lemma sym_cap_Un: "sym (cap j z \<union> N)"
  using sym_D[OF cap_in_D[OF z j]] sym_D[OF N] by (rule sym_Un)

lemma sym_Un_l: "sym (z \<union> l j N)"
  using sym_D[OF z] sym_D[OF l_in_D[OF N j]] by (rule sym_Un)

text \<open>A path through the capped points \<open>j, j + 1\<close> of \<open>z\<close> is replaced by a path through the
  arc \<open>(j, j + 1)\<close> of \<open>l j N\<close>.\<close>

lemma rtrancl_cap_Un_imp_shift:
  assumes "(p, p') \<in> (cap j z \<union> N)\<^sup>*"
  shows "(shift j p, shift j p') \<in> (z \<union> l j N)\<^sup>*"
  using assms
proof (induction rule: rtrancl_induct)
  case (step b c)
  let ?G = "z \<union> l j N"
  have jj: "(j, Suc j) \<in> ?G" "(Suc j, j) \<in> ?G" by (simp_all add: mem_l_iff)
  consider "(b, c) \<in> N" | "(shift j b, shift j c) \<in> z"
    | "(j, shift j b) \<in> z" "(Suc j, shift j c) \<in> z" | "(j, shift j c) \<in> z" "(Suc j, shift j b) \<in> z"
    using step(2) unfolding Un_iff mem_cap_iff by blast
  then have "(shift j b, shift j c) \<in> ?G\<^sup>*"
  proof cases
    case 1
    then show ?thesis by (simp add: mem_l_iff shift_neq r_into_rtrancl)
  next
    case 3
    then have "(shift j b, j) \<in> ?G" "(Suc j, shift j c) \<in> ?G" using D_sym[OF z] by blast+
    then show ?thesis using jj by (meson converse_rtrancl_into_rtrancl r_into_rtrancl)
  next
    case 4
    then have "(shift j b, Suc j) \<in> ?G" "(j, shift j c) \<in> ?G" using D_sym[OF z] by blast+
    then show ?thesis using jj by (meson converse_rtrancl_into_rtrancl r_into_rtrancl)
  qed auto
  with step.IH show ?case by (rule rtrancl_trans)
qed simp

────────────────────

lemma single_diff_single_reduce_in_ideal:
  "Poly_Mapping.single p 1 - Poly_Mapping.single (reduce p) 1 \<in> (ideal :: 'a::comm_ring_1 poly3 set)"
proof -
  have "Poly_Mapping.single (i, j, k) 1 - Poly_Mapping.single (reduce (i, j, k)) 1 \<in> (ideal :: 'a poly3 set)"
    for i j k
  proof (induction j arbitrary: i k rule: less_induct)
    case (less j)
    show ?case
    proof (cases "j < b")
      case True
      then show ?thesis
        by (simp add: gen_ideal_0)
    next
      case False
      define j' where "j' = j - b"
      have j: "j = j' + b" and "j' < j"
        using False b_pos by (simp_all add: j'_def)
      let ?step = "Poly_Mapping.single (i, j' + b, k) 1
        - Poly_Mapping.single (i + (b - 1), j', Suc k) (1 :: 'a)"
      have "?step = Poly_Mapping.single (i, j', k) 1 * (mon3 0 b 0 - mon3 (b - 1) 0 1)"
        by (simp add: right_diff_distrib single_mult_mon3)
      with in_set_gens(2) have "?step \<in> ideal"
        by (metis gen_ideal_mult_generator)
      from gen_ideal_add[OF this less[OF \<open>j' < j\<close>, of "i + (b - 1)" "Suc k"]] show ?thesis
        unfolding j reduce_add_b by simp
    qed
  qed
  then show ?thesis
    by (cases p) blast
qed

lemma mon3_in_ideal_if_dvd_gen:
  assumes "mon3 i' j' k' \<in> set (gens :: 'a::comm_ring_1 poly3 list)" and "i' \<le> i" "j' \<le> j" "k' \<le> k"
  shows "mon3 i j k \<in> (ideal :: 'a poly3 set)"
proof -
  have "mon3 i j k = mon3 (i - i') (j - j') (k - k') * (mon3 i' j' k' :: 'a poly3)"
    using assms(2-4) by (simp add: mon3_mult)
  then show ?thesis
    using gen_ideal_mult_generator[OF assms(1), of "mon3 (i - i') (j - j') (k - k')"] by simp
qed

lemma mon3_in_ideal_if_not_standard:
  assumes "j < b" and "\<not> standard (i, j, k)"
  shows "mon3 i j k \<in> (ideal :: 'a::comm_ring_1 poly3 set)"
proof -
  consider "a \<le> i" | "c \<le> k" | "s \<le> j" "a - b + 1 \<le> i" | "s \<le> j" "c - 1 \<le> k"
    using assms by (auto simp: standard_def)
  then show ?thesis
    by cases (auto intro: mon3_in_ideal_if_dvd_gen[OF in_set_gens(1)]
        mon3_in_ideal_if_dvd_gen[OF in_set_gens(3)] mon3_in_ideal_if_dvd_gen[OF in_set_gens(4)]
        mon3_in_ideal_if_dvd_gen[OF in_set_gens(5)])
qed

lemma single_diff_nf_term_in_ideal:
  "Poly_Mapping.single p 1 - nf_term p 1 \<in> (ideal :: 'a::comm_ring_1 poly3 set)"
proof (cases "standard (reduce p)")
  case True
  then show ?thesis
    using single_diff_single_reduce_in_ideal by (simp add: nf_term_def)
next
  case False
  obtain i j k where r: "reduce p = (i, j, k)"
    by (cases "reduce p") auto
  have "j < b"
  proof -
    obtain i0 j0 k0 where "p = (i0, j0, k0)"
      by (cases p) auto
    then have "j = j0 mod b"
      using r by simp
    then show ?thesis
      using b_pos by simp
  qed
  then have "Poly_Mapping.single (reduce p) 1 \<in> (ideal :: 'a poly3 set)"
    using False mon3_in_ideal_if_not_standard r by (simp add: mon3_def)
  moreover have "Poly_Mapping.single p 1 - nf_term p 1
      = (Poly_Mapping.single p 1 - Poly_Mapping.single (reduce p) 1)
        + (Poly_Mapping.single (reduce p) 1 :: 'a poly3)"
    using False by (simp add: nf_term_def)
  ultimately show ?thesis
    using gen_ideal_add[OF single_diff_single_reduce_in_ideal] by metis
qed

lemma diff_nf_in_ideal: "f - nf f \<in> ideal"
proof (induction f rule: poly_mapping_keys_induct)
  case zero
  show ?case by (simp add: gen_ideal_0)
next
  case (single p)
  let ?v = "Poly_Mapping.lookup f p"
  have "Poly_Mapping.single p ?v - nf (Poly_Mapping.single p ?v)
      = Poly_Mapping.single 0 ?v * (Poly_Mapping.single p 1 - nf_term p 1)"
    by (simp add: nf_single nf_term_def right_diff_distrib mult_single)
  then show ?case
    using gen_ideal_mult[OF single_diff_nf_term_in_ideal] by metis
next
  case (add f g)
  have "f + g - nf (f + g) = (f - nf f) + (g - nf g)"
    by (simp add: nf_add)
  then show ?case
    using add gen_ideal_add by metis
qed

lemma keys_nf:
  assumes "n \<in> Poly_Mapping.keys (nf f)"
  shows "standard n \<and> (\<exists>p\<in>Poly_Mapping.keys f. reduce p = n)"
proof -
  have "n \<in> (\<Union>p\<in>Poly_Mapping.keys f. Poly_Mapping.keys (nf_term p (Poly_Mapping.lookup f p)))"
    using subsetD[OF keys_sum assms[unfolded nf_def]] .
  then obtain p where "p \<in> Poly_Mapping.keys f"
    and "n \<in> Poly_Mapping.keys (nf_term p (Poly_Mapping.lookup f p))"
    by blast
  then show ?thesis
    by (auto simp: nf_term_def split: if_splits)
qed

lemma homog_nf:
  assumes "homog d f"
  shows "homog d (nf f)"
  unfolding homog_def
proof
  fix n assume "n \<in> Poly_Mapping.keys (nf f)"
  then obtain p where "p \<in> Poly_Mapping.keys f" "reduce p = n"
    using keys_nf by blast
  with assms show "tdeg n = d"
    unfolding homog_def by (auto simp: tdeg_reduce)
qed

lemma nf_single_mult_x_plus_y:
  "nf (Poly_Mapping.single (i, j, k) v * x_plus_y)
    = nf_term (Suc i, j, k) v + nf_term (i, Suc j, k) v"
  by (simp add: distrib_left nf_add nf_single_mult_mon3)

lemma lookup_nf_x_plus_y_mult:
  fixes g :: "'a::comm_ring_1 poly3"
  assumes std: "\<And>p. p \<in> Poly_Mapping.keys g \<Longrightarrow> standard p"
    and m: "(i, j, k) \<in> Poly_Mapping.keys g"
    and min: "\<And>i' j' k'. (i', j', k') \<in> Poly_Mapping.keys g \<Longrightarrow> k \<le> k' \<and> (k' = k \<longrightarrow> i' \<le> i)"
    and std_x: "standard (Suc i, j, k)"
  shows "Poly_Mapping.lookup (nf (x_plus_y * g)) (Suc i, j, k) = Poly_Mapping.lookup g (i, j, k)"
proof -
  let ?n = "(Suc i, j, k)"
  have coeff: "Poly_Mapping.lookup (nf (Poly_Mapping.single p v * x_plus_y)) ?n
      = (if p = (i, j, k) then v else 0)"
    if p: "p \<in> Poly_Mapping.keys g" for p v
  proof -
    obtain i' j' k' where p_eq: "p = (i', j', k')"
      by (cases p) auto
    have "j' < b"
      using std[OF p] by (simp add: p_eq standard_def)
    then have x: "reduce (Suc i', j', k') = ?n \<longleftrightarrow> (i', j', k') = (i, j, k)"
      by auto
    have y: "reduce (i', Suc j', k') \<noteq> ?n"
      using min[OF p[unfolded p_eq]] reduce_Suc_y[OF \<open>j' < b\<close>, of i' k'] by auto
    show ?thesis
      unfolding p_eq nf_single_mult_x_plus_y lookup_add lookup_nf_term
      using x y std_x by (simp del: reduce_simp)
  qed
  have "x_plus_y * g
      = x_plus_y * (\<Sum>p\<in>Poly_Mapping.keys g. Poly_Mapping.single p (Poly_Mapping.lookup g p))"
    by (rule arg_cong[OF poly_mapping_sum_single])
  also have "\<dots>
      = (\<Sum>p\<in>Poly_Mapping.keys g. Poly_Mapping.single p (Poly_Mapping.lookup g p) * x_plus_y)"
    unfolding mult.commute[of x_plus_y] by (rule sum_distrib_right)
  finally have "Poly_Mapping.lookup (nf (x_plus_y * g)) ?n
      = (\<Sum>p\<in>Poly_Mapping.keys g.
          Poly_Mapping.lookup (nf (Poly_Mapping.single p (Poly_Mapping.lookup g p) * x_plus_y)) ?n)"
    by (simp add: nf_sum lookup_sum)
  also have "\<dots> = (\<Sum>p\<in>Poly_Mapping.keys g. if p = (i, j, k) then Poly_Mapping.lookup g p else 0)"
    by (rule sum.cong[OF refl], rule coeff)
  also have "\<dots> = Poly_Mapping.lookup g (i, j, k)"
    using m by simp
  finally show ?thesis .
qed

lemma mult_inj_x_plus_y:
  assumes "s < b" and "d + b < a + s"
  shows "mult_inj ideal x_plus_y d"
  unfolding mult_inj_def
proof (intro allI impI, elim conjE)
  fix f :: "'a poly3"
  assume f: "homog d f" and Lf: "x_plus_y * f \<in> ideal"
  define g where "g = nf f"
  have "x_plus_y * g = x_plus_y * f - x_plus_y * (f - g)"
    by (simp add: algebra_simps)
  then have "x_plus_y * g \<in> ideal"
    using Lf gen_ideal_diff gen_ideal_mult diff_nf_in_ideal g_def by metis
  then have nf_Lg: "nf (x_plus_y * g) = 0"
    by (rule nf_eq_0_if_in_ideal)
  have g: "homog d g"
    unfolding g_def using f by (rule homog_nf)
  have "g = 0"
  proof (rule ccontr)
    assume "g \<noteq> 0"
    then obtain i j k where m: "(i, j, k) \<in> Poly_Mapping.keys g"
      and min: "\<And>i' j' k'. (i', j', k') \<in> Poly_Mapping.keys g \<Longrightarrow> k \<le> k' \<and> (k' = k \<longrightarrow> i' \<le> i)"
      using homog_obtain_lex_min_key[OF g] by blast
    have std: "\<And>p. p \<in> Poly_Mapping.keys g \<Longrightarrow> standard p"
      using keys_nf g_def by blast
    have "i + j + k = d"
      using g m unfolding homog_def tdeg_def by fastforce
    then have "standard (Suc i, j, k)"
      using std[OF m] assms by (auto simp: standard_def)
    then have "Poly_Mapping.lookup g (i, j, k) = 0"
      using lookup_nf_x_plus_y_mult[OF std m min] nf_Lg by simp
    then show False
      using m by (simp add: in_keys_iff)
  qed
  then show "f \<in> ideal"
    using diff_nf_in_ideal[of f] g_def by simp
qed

────────────────────

WHAT TO DO: Go over the listing above and copy out each line that includes "assumes".

OUTPUT BELOW:
  assumes "(p, p') \<in> (cap j z \<union> N)\<^sup>*"
  assumes "mon3 i' j' k' \<in> set (gens :: 'a::comm_ring_1 poly3 list)" and "i' \<le> i" "j' \<le> j" "k' \<le> k"
  assumes "j < b" and "\<not> standard (i, j, k)"
  assumes "n \<in> Poly_Mapping.keys (nf f)"
  assumes "homog d f"
  assumes std: "\<And>p. p \<in> Poly_Mapping.keys g \<Longrightarrow> standard p"
  assumes "s < b" and "d + b < a + s"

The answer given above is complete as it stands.